Prospectors Invade Yanomami Land and Brazil Says It Has No Manpower to Remove Them

The presence of prospectors on Yanomami Indian lands in Brazil is an old problem. Over the last two months, with an increase in the number of prospectors, it has been getting worse.

According to the coordinator general of the Brazilian NGO, Cooperation Service for the Yanomami People (Secoya), Silvio Cavuscens, "Some of the prospectors are getting close to Indian villages and confronting the Yanomami. They bring disease and harm the environment. Brazilian government health agents have left the area because they are afraid of what might happen."

The Yanomami reserve area, in the states of Roraima and Amazonas, on the border of Brazil with Venezuela, was officially established in 1992. Some 12,000 Indians live there.

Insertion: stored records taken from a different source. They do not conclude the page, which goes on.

definition dVint_abs :: "(real \<Rightarrow> real) \<Rightarrow> real \<Rightarrow> real \<Rightarrow> (real \<Rightarrow> real) \<Rightarrow> ennreal" where
  "dVint_abs V s t f = set_nn_integral (interval_measure V) {s..t} (\<lambda>r. ennreal \<bar>f r\<bar>)"

definition weak_generator ::
  "(real \<Rightarrow> (real \<Rightarrow> 'e) \<Rightarrow> (real \<Rightarrow> 'e::polish_space) measure) \<Rightarrow> real \<Rightarrow> (real \<Rightarrow> real)
   \<Rightarrow> (real \<Rightarrow> (real \<Rightarrow> 'e) \<Rightarrow> real) set
   \<Rightarrow> ((real \<Rightarrow> (real \<Rightarrow> 'e) \<Rightarrow> real) \<Rightarrow> (real \<Rightarrow> (real \<Rightarrow> 'e) \<Rightarrow> real)) \<Rightarrow> bool" where
  "weak_generator P T V D A \<longleftrightarrow>
     \<comment> \<open>D(A) is a linear space and A is linear\<close>
     (\<lambda>t \<omega>. 0) \<in> D \<and>
     (\<forall>\<Phi>\<in>D. \<forall>\<Psi>\<in>D. (\<lambda>t \<omega>. \<Phi> t \<omega> + \<Psi> t \<omega>) \<in> D \<and>
         A (\<lambda>t \<omega>. \<Phi> t \<omega> + \<Psi> t \<omega>) = (\<lambda>t \<omega>. A \<Phi> t \<omega> + A \<Psi> t \<omega>)) \<and>
     (\<forall>\<Phi>\<in>D. \<forall>c::real. (\<lambda>t \<omega>. c * \<Phi> t \<omega>) \<in> D \<and>
         A (\<lambda>t \<omega>. c * \<Phi> t \<omega>) = (\<lambda>t \<omega>. c * A \<Phi> t \<omega>)) \<and>
     (\<forall>\<Phi>\<in>D.
        progressive \<Phi> \<and> progressive (A \<Phi>) \<and>
        (\<forall>\<omega>\<in>Omega. \<forall>t\<ge>0. dVint_abs V 0 t (\<lambda>r. A \<Phi> r \<omega>) < \<infinity>) \<and>
        (\<forall>s\<ge>0. \<forall>\<eta>\<in>Omega. \<forall>t\<ge>s.
            (\<integral>\<^sup>+ \<omega>. dVint_abs V s t (\<lambda>r. A \<Phi> r \<omega>) \<partial>P s \<eta>) < \<infinity> \<and>
            integrable (P s \<eta>) (\<Phi> t)) \<and>
        (\<forall>t\<ge>T. \<forall>\<omega>\<in>Omega. \<Phi> t \<omega> = \<Phi> T \<omega>) \<and>
        (\<forall>t>T. \<forall>\<omega>\<in>Omega. A \<Phi> t \<omega> = 0) \<and>
        (\<forall>s\<ge>0. \<forall>\<eta>\<in>Omega. \<forall>t\<ge>s.
            (\<integral>\<omega>. \<Phi> t \<omega> \<partial>P s \<eta>) =
              \<Phi> s \<eta> + dVint V s t (\<lambda>r. \<integral>\<omega>. A \<Phi> r \<omega> \<partial>P s \<eta>)))"
locale grad_curl_complex =
  fixes S W :: "sfield set" and Q :: "sfield \<Rightarrow> vfield"
  assumes S_subset_polyfun: "S \<subseteq> polyfun"
    and const_in_S: "(\<lambda>x. c) \<in> S"
    and zero_in_W: "(\<lambda>x. 0) \<in> W"
    and polyvec_Q: "w \<in> W \<Longrightarrow> polyvec (Q w)"
    and curl_Q: "w \<in> W \<Longrightarrow> curl (Q w) = w"
    and Q_zero: "Q (\<lambda>x. 0) = (\<lambda>x. 0)"
begin

definition V :: "vfield set" where
  "V = {\<lambda>x. grad s x + Q w x | s w. s \<in> S \<and> w \<in> W}"

lemma curl_grad_add_Q: "s \<in> S \<Longrightarrow> w \<in> W \<Longrightarrow> curl (\<lambda>x. grad s x + Q w x) = w"
  using S_subset_polyfun by (auto simp: curl_grad_add polyvec_Q curl_Q)

lemma grad_in_V: "s \<in> S \<Longrightarrow> grad s \<in> V"
  unfolding V_def using zero_in_W Q_zero by force

lemma grad_image_inter_Q_image: "grad ` S \<inter> Q ` W = {\<lambda>x. 0}"
proof
  show "{\<lambda>x. 0} \<subseteq> grad ` S \<inter> Q ` W"
    using const_in_S[of 0] grad_const[of 0] zero_in_W Q_zero by (metis IntI empty_subsetI image_eqI insert_subset)
  show "grad ` S \<inter> Q ` W \<subseteq> {\<lambda>x. 0}"
  proof
    fix v
    assume "v \<in> grad ` S \<inter> Q ` W"
    then obtain s w where "s \<in> S" "w \<in> W" "v = grad s" "v = Q w"
      by blast
    then have "w = (\<lambda>x. 0)"
      using S_subset_polyfun curl_Q curl_grad by (metis subsetD)
    then show "v \<in> {\<lambda>x. 0}"
      using \<open>v = Q w\<close> Q_zero by simp
  qed
qed

lemma curl_image_V: "curl ` V = W"
proof
  show "curl ` V \<subseteq> W"
    unfolding V_def using curl_grad_add_Q by auto
  show "W \<subseteq> curl ` V"
  proof
    fix w
    assume "w \<in> W"
    then have "(\<lambda>x. grad (\<lambda>z. 0) x + Q w x) \<in> V" "curl (\<lambda>x. grad (\<lambda>z. 0) x + Q w x) = w"
      using const_in_S curl_grad_add_Q unfolding V_def by blast+
    then show "w \<in> curl ` V"
      by (metis image_eqI)
  qed
qed

lemma curl_kernel_V: "{v \<in> V. curl v = (\<lambda>x. 0)} = grad ` S"
proof
  show "grad ` S \<subseteq> {v \<in> V. curl v = (\<lambda>x. 0)}"
    using grad_in_V S_subset_polyfun curl_grad by auto
  show "{v \<in> V. curl v = (\<lambda>x. 0)} \<subseteq> grad ` S"
  proof
    fix v
    assume "v \<in> {v \<in> V. curl v = (\<lambda>x. 0)}"
    then obtain s w where "s \<in> S" "w \<in> W" "v = (\<lambda>x. grad s x + Q w x)" "curl v = (\<lambda>x. 0)"
      unfolding V_def by blast
    then have "v = grad s"
      using curl_grad_add_Q Q_zero by simp
    with \<open>s \<in> S\<close> show "v \<in> grad ` S"
      by blast
  qed
qed

lemma grad_kernel_S: "{s \<in> S. grad s = (\<lambda>x. 0)} = range (\<lambda>c. \<lambda>x. c)"
  using grad_eq_0_imp_const S_subset_polyfun const_in_S grad_const by blast

end

lemma admissible_Phi_zero:
  assumes "admissible_Phi k K Phi"
  shows "Phi (\<lambda>x. 0) = (\<lambda>x. 0)"
proof -
  have "Phi (\<lambda>x. 0 * 0 + 0 * 0) = (\<lambda>x. 0 * Phi (\<lambda>x. 0) x + 0 * Phi (\<lambda>x. 0) x)"
    using conjunct1[OF assms[unfolded admissible_Phi_def], rule_format, OF zero_in_W_h zero_in_W_h]
    by blast
  then show ?thesis
    by simp
qed

lemma
  assumes "w \<in> polyfun" "Phi w \<in> polyfun"
  shows polyvec_poinc_mod: "polyvec (poinc_mod Phi w)"
    and curl_poinc_mod: "curl (poinc_mod Phi w) = w"
proof -
  have eq: "poinc_mod Phi w = (\<lambda>x. poinc w x - grad (Phi w) x)"
    by (simp add: poinc_mod_def[abs_def])
  show "polyvec (poinc_mod Phi w)"
    using polyvec_poinc[OF assms(1)] polyvec_grad[OF assms(2)]
    unfolding eq polyvec_def by (auto intro: polyfun_diff)
  show "curl (poinc_mod Phi w) = w"
    unfolding eq curl_diff[OF polyvec_poinc[OF assms(1)] polyvec_grad[OF assms(2)]]
    by (simp add: curl_poinc[OF assms(1)] curl_grad[OF assms(2)])
qed

lemma poinc_mod_zero: "Phi (\<lambda>x. 0) = (\<lambda>x. 0) \<Longrightarrow> poinc_mod Phi (\<lambda>x. 0) = (\<lambda>x. 0)"
  by (simp add: poinc_mod_def[abs_def] poinc_zero grad_const)

lemma Psum_right_inverse_of_curl:
  assumes "uses_mod k r \<longrightarrow> admissible_Phi k K Phi"
  obtains Q where "Psum r k K Phi = Q ` W_h k K" "grad_curl_complex (Sigma_h r K) (W_h k K) Q"
proof (cases "uses_mod k r")
  case True
  then have adm: "admissible_Phi k K Phi"
    using assms by blast
  have "grad_curl_complex (Sigma_h r K) (W_h k K) (poinc_mod Phi)"
  proof
    fix w
    assume "w \<in> W_h k K"
    moreover from this have "Phi w \<in> polyfun"
      using adm Poly_subset_polyfun unfolding admissible_Phi_def by blast
    ultimately show "polyvec (poinc_mod Phi w)" "curl (poinc_mod Phi w) = w"
      using W_h_subset_polyfun polyvec_poinc_mod curl_poinc_mod by blast+
  qed (simp_all add: Sigma_h_subset_polyfun const_in_Sigma_h zero_in_W_h poinc_mod_zero
      admissible_Phi_zero[OF adm])
  with True show ?thesis
    using that by (simp add: Psum_def)
next
  case False
  have "grad_curl_complex (Sigma_h r K) (W_h k K) poinc"
    using W_h_subset_polyfun
    by unfold_locales
      (auto simp: Sigma_h_subset_polyfun const_in_Sigma_h zero_in_W_h poinc_zero
        intro: polyvec_poinc curl_poinc)
  with False show ?thesis
    using that by (simp add: Psum_def)
qed

theorem mainTheorem3:
  fixes k r :: nat and K :: elem and Phi :: "sfield \<Rightarrow> sfield"
  assumes "k \<ge> 2"
    and "r \<in> {k - 1, k, k + 1}"
    and "valid_elem K"
    and "uses_mod k r \<longrightarrow> admissible_Phi k K Phi"
  shows "grad ` Sigma_h r K \<inter> Psum r k K Phi = {(\<lambda>x. 0)}
    \<and> inj (\<lambda>c::real. (\<lambda>x::pt. c))
    \<and> (\<forall>c::real. (\<lambda>x::pt. c) \<in> Sigma_h r K)
    \<and> grad ` Sigma_h r K \<subseteq> V_h r k K Phi
    \<and> curl ` V_h r k K Phi \<subseteq> W_h k K
    \<and> (\<forall>s\<in>Sigma_h r K. curl (grad s) = (\<lambda>x. 0))
    \<and> {s \<in> Sigma_h r K. grad s = (\<lambda>x. 0)} = range (\<lambda>c::real. (\<lambda>x::pt. c))
    \<and> {v \<in> V_h r k K Phi. curl v = (\<lambda>x. 0)} = grad ` Sigma_h r K
    \<and> curl ` V_h r k K Phi = W_h k K"
proof -
  obtain Q where Psum: "Psum r k K Phi = Q ` W_h k K"
    and complex: "grad_curl_complex (Sigma_h r K) (W_h k K) Q"
    using Psum_right_inverse_of_curl[OF assms(4)] by blast
  interpret grad_curl_complex "Sigma_h r K" "W_h k K" Q
    by (rule complex)
  have "V_h r k K Phi = V"
    unfolding V_h_def V_def Psum by blast
  moreover have "inj (\<lambda>c::real. (\<lambda>x::pt. c))"
    by (simp add: inj_def fun_eq_iff)
  moreover have "\<forall>s\<in>Sigma_h r K. curl (grad s) = (\<lambda>x. 0)"
    using curl_grad S_subset_polyfun by blast
  ultimately show ?thesis
    unfolding Psum
    using grad_image_inter_Q_image const_in_S grad_in_V curl_image_V grad_kernel_S curl_kernel_V
    by blast
qed

end
text \<open>For \<open>\<gamma> \<le> 2\<close> the factor \<open>2 M / 7\<close> is below \<open>1\<close> and \<open>\<delta>\<close> wins; for \<open>\<gamma> > 2\<close> the factor
  \<open>2 (\<gamma> + 2/7) / 7\<close> is below \<open>\<gamma> - 1\<close>.\<close>

lemma abs_ge_sqrt_of_exceeding_local_linear_bound:
  fixes x v M \<rho> \<delta> \<gamma> :: real
  assumes "0 < \<delta>" and "\<delta> < \<rho>" and "1 \<le> \<gamma>" and "0 \<le> M" and "M \<le> \<gamma> + 2/7"
    and local_bound: "\<bar>x\<bar> \<le> 7/2 * \<rho> \<Longrightarrow> \<bar>v\<bar> \<le> 2/7 * M / \<rho> * \<bar>x\<bar>"
    and exceeds: "x * v \<ge> (\<gamma> - 1) * \<bar>x\<bar> + \<delta>"
  shows "sqrt (\<delta> * \<rho>) \<le> \<bar>x\<bar>"
proof (rule ccontr)
  assume close: "\<not> ?thesis"
  have \<rho>: "\<rho> > 0" using assms(1,2) by simp
  have "\<bar>x\<bar>\<^sup>2 < (sqrt (\<delta> * \<rho>))\<^sup>2" using close by (intro power_strict_mono) auto
  then have "x\<^sup>2 < \<delta> * \<rho>" using assms(1) \<rho> by simp
  also have "\<dots> < \<rho>\<^sup>2" using assms(2) \<rho> by (simp add: power2_eq_square)
  finally have "\<bar>x\<bar>\<^sup>2 < \<rho>\<^sup>2" by simp
  then have "\<bar>x\<bar> < \<rho>" using power_less_imp_less_base[of "\<bar>x\<bar>" 2 \<rho>] \<rho> by simp
  have "x\<^sup>2 \<le> \<rho> * \<bar>x\<bar>"
    using mult_right_mono[OF less_imp_le[OF \<open>\<bar>x\<bar> < \<rho>\<close>], of "\<bar>x\<bar>"] by (simp add: power2_eq_square)
  then have u: "x\<^sup>2 / \<rho> < \<delta>" "x\<^sup>2 / \<rho> \<le> \<bar>x\<bar>" "\<bar>x\<bar> \<le> 7/2 * \<rho>"
    using \<open>x\<^sup>2 < \<delta> * \<rho>\<close> \<open>\<bar>x\<bar> < \<rho>\<close> \<rho> by (simp_all add: field_simps)
  have "x * v \<le> \<bar>x\<bar> * \<bar>v\<bar>" by (simp flip: abs_mult)
  also have "\<dots> \<le> \<bar>x\<bar> * (2/7 * M / \<rho> * \<bar>x\<bar>)"
    using local_bound[OF u(3)] by (rule mult_left_mono) simp
  also have "\<dots> = 2/7 * M * (x\<^sup>2 / \<rho>)" by (simp add: power2_eq_square field_simps)
  also have "\<dots> < (\<gamma> - 1) * \<bar>x\<bar> + \<delta>"
  proof (cases "\<gamma> \<le> 2")
    case True
    then have "2/7 * M * (x\<^sup>2 / \<rho>) \<le> 1 * (x\<^sup>2 / \<rho>)"
      using assms(5) \<rho> by (intro mult_right_mono) auto
    moreover have "(\<gamma> - 1) * \<bar>x\<bar> \<ge> 0" using assms(3) by simp
    ultimately show ?thesis using u(1) by linarith
  next
    case False
    then have "2/7 * M * (x\<^sup>2 / \<rho>) \<le> (\<gamma> - 1) * \<bar>x\<bar>"
      using assms(4,5) u(2) \<rho> by (intro mult_mono) auto
    then show ?thesis using assms(1) by simp
  qed
  finally show False using exceeds by simp
qed
lemma energy_dissipation_continuous_on_compose:
  "continuous_on T (\<lambda>x. energy_dissipation \<alpha> \<beta> U A K (h1 x) (h2 x))"
  unfolding energy_dissipation_def
  by (intro continuous_intros fields_continuous_on_compose beta_continuous_on_compose h)
     (use Rs_pos in \<open>auto dest!: h(3) simp: alpha_nonzero\<close>)

lemma dth_energy_flux_continuous_on_compose:
  "continuous_on T (\<lambda>x. dth (energy_flux \<alpha> U A) (h1 x) (h2 x))"
proof (rule continuous_on_eq)
  show "continuous_on T (\<lambda>x.
           (dth \<alpha> (h1 x) (h2 x) * dth U (h1 x) (h2 x) * dR U (h1 x) (h2 x) / sqrt (\<alpha> (h1 x) (h2 x))
            + 2 * sqrt (\<alpha> (h1 x) (h2 x)) * dth (dth U) (h1 x) (h2 x) * dR U (h1 x) (h2 x)
            + 2 * sqrt (\<alpha> (h1 x) (h2 x)) * dth U (h1 x) (h2 x) * dth (dR U) (h1 x) (h2 x))
         + exp (4 * U (h1 x) (h2 x)) / (2 * (h2 x)\<^sup>2) *
           (4 * dth U (h1 x) (h2 x) * sqrt (\<alpha> (h1 x) (h2 x)) * dth A (h1 x) (h2 x) * dR A (h1 x) (h2 x)
            + dth \<alpha> (h1 x) (h2 x) * dth A (h1 x) (h2 x) * dR A (h1 x) (h2 x) / (2 * sqrt (\<alpha> (h1 x) (h2 x)))
            + sqrt (\<alpha> (h1 x) (h2 x)) * dth (dth A) (h1 x) (h2 x) * dR A (h1 x) (h2 x)
            + sqrt (\<alpha> (h1 x) (h2 x)) * dth A (h1 x) (h2 x) * dth (dR A) (h1 x) (h2 x)))"
    by (intro continuous_intros fields_continuous_on_compose h) (use Rs_pos in \<open>auto dest!: h(3) simp: alpha_nonzero\<close>)
qed (simp add: energy_flux_dth(2)[OF h(3)])

end

lemma modified_density_integrable: "R \<in> {Rs<..Ri} \<Longrightarrow>
    (\<lambda>\<theta>. modified_density \<alpha> \<beta> U A K \<theta> R) integrable_on {0..1}"
  by (rule integrable_continuous_interval,
      rule modified_density_continuous_on_compose[OF continuous_on_id continuous_on_const])

lemma modified_energy_eq_integral:
  assumes R: "R \<in> {Rs<..Ri}"
  shows "modified_energy \<alpha> \<beta> U A K R = integral {0..1} (\<lambda>\<theta>. modified_density \<alpha> \<beta> U A K \<theta> R)"
proof -
  have "(\<lambda>\<theta>. hdens \<alpha> U A \<theta> R) integrable_on {0..1}"
    by (rule integrable_continuous_interval,
        rule hdens_continuous_on_compose[OF continuous_on_id continuous_on_const R])
  with modified_density_integrable[OF R]
  have "integral {0..1} (\<lambda>\<theta>. modified_density \<alpha> \<beta> U A K \<theta> R)
          = energy \<alpha> U A R + integral {0..1} (\<lambda>\<theta>. modified_density \<alpha> \<beta> U A K \<theta> R - hdens \<alpha> U A \<theta> R)"
    unfolding energy_def by (simp add: integral_diff)
  then show ?thesis
    unfolding modified_energy_def by (simp add: modified_density_def)
qed

lemma energy_dissipation_integrable: "R \<in> {Rs<..Ri} \<Longrightarrow>
    (\<lambda>\<theta>. energy_dissipation \<alpha> \<beta> U A K \<theta> R) integrable_on {0..1}"
  by (rule integrable_continuous_interval,
      rule energy_dissipation_continuous_on_compose[OF continuous_on_id continuous_on_const])

lemma integral_dth_energy_flux:
  assumes R: "R \<in> {Rs<..Ri}"
  shows "((\<lambda>\<theta>. dth (energy_flux \<alpha> U A) \<theta> R) has_integral 0) {0..1}"
proof -
  have "((\<lambda>\<theta>. dth (energy_flux \<alpha> U A) \<theta> R) has_integral
          energy_flux \<alpha> U A 1 R - energy_flux \<alpha> U A 0 R) {0..1}"
  proof (rule fundamental_theorem_of_calculus)
    fix \<theta> :: real
    show "((\<lambda>\<theta>. energy_flux \<alpha> U A \<theta> R) has_vector_derivative dth (energy_flux \<alpha> U A) \<theta> R)
            (at \<theta> within {0..1})"
      using energy_flux_dth(1)[OF R, of \<theta>]
      by (simp add: has_real_derivative_iff_has_vector_derivative has_vector_derivative_at_within)
  qed simp
  then show ?thesis
    using energy_flux_periodic[OF R, of 0] by simp
qed

lemma modified_energy_has_derivative:
  assumes R: "R \<in> {Rs<..Ri}"
  shows "(modified_energy \<alpha> \<beta> U A K has_real_derivative
           - integral {0..1} (\<lambda>\<theta>. energy_dissipation \<alpha> \<beta> U A K \<theta> R)) (at R within {Rs<..Ri})"
proof -
  have "((\<lambda>r. integral (cbox 0 1) (\<lambda>\<theta>. modified_density \<alpha> \<beta> U A K \<theta> r)) has_real_derivative
          integral (cbox 0 1) (\<lambda>\<theta>. dth (energy_flux \<alpha> U A) \<theta> R - energy_dissipation \<alpha> \<beta> U A K \<theta> R))
          (at R within {Rs<..Ri})"
  proof (rule leibniz_rule_field_derivative)
    fix r \<theta> assume "r \<in> {Rs<..Ri}"
    then show "((\<lambda>r. modified_density \<alpha> \<beta> U A K \<theta> r) has_real_derivative
                 dth (energy_flux \<alpha> U A) \<theta> r - energy_dissipation \<alpha> \<beta> U A K \<theta> r) (at r within {Rs<..Ri})"
      by (rule modified_density_has_derivative)
  next
    fix r assume "r \<in> {Rs<..Ri}"
    then show "(\<lambda>\<theta>. modified_density \<alpha> \<beta> U A K \<theta> r) integrable_on cbox 0 1"
      unfolding box_real by (rule modified_density_integrable)
  next
    show "continuous_on ({Rs<..Ri} \<times> cbox 0 1)
            (\<lambda>(r, \<theta>). dth (energy_flux \<alpha> U A) \<theta> r - energy_dissipation \<alpha> \<beta> U A K \<theta> r)"
      unfolding case_prod_beta
      by (intro continuous_intros dth_energy_flux_continuous_on_compose energy_dissipation_continuous_on_compose
            continuous_on_fst continuous_on_snd continuous_on_id) auto
  qed (use R in auto)
  moreover have "integral {0..1} (\<lambda>\<theta>. dth (energy_flux \<alpha> U A) \<theta> R - energy_dissipation \<alpha> \<beta> U A K \<theta> R)
                   = - integral {0..1} (\<lambda>\<theta>. energy_dissipation \<alpha> \<beta> U A K \<theta> R)"
    using has_integral_diff[OF integral_dth_energy_flux[OF R] integrable_integral[OF energy_dissipation_integrable[OF R]]]
    by (simp add: integral_unique)
  ultimately have "((\<lambda>r. integral {0..1} (\<lambda>\<theta>. modified_density \<alpha> \<beta> U A K \<theta> r)) has_real_derivative
                     - integral {0..1} (\<lambda>\<theta>. energy_dissipation \<alpha> \<beta> U A K \<theta> R)) (at R within {Rs<..Ri})"
    by (simp add: box_real)
  then show ?thesis
    by (rule has_field_derivative_transform_within[OF _ zero_less_one R]) (simp add: modified_energy_eq_integral)
qed

lemma modified_energy_derivative_lower_bound:
  assumes R: "R \<in> {Rs<..Ri}"
  shows "- (4 / R * modified_energy \<alpha> \<beta> U A K R)
           \<le> - integral {0..1} (\<lambda>\<theta>. energy_dissipation \<alpha> \<beta> U A K \<theta> R)"
proof -
  have "integral {0..1} (\<lambda>\<theta>. energy_dissipation \<alpha> \<beta> U A K \<theta> R)
          \<le> integral {0..1} (\<lambda>\<theta>. 4 / R * modified_density \<alpha> \<beta> U A K \<theta> R)"
    by (rule integral_le[OF energy_dissipation_integrable[OF R]
          integrable_on_mult_right[OF modified_density_integrable[OF R]] energy_dissipation_le[OF R]])
  then show ?thesis
    by (simp add: modified_energy_eq_integral[OF R])
qed

end

theorem mainTheorem5:
  fixes Rs Ri K :: real and \<alpha> \<nu> \<beta> U A G H :: "real \<Rightarrow> real \<Rightarrow> real"
  assumes "T2_vacuum Rs Ri K \<alpha> \<nu> \<beta> U A G H"
  shows "(\<forall>R\<in>{Rs<..Ri}.
            (modified_energy \<alpha> \<beta> U A K has_real_derivative
               - integral {0..1} (\<lambda>\<theta>. exp (2 * \<beta> \<theta> R) * K\<^sup>2 / (sqrt (\<alpha> \<theta> R) * R ^ 5)
                   + 2 * (dR U \<theta> R)\<^sup>2 / (sqrt (\<alpha> \<theta> R) * R)
                   + sqrt (\<alpha> \<theta> R) * exp (4 * U \<theta> R) * (dth A \<theta> R)\<^sup>2 / (2 * R ^ 3)))
              (at R within {Rs<..Ri})
          \<and> - integral {0..1} (\<lambda>\<theta>. exp (2 * \<beta> \<theta> R) * K\<^sup>2 / (sqrt (\<alpha> \<theta> R) * R ^ 5)
                   + 2 * (dR U \<theta> R)\<^sup>2 / (sqrt (\<alpha> \<theta> R) * R)
                   + sqrt (\<alpha> \<theta> R) * exp (4 * U \<theta> R) * (dth A \<theta> R)\<^sup>2 / (2 * R ^ 3)) \<le> 0)
       \<and> (\<forall>Rk\<in>{Rs<..Ri}. modified_energy \<alpha> \<beta> U A K Rk
                          \<le> modified_energy \<alpha> \<beta> U A K Ri * (Ri / Rk) ^ 4)"
proof -
  interpret T2_vacuum_solution Rs Ri K \<alpha> \<nu> \<beta> U A G H
    by (rule T2_vacuum_solution.intro) (rule assms)
  have decay: "(modified_energy \<alpha> \<beta> U A K has_real_derivative
                  - integral {0..1} (\<lambda>\<theta>. energy_dissipation \<alpha> \<beta> U A K \<theta> R)) (at R within {Rs<..Ri})
               \<and> - integral {0..1} (\<lambda>\<theta>. energy_dissipation \<alpha> \<beta> U A K \<theta> R) \<le> 0"
    if "R \<in> {Rs<..Ri}" for R
    using modified_energy_has_derivative[OF that]
      integral_nonneg[OF energy_dissipation_integrable[OF that] energy_dissipation_nonneg[OF that]]
    by simp
  have lower_bound: "- (real 4 / R * modified_energy \<alpha> \<beta> U A K R)
                      \<le> - integral {0..1} (\<lambda>\<theta>. energy_dissipation \<alpha> \<beta> U A K \<theta> R)"
    if "R \<in> {Rs<..Ri}" for R
    using modified_energy_derivative_lower_bound[OF that] by simp
  have growth: "modified_energy \<alpha> \<beta> U A K Rk \<le> modified_energy \<alpha> \<beta> U A K Ri * (Ri / Rk) ^ 4"
    if "Rk \<in> {Rs<..Ri}" for Rk
    using power_weighted_growth_bound[OF modified_energy_has_derivative lower_bound
            less_imp_le[OF Rs_pos] that] .
  show ?thesis
    using decay growth unfolding energy_dissipation_def by blast
qed

end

"In 1993, there were some 10,000 prospectors in the region and a serious conflict resulting in the deaths of 16 Yanomami occurred in a place called Haximu. The incident got international attention and the government cracked down on the prospectors and removed them (5 prospectors were sentenced for the deaths of the Indians at Haximu). Unfortunately, the prospectors have returned," explains Cavuscens.

Under Brazilian law, the state owns the land in indigenous reserve areas and the Indians have exclusive rights to use it. Thus, the problem is a federal problem and the Federal Police should remove the prospectors. There are reports that the police say they do not have the men to do the job.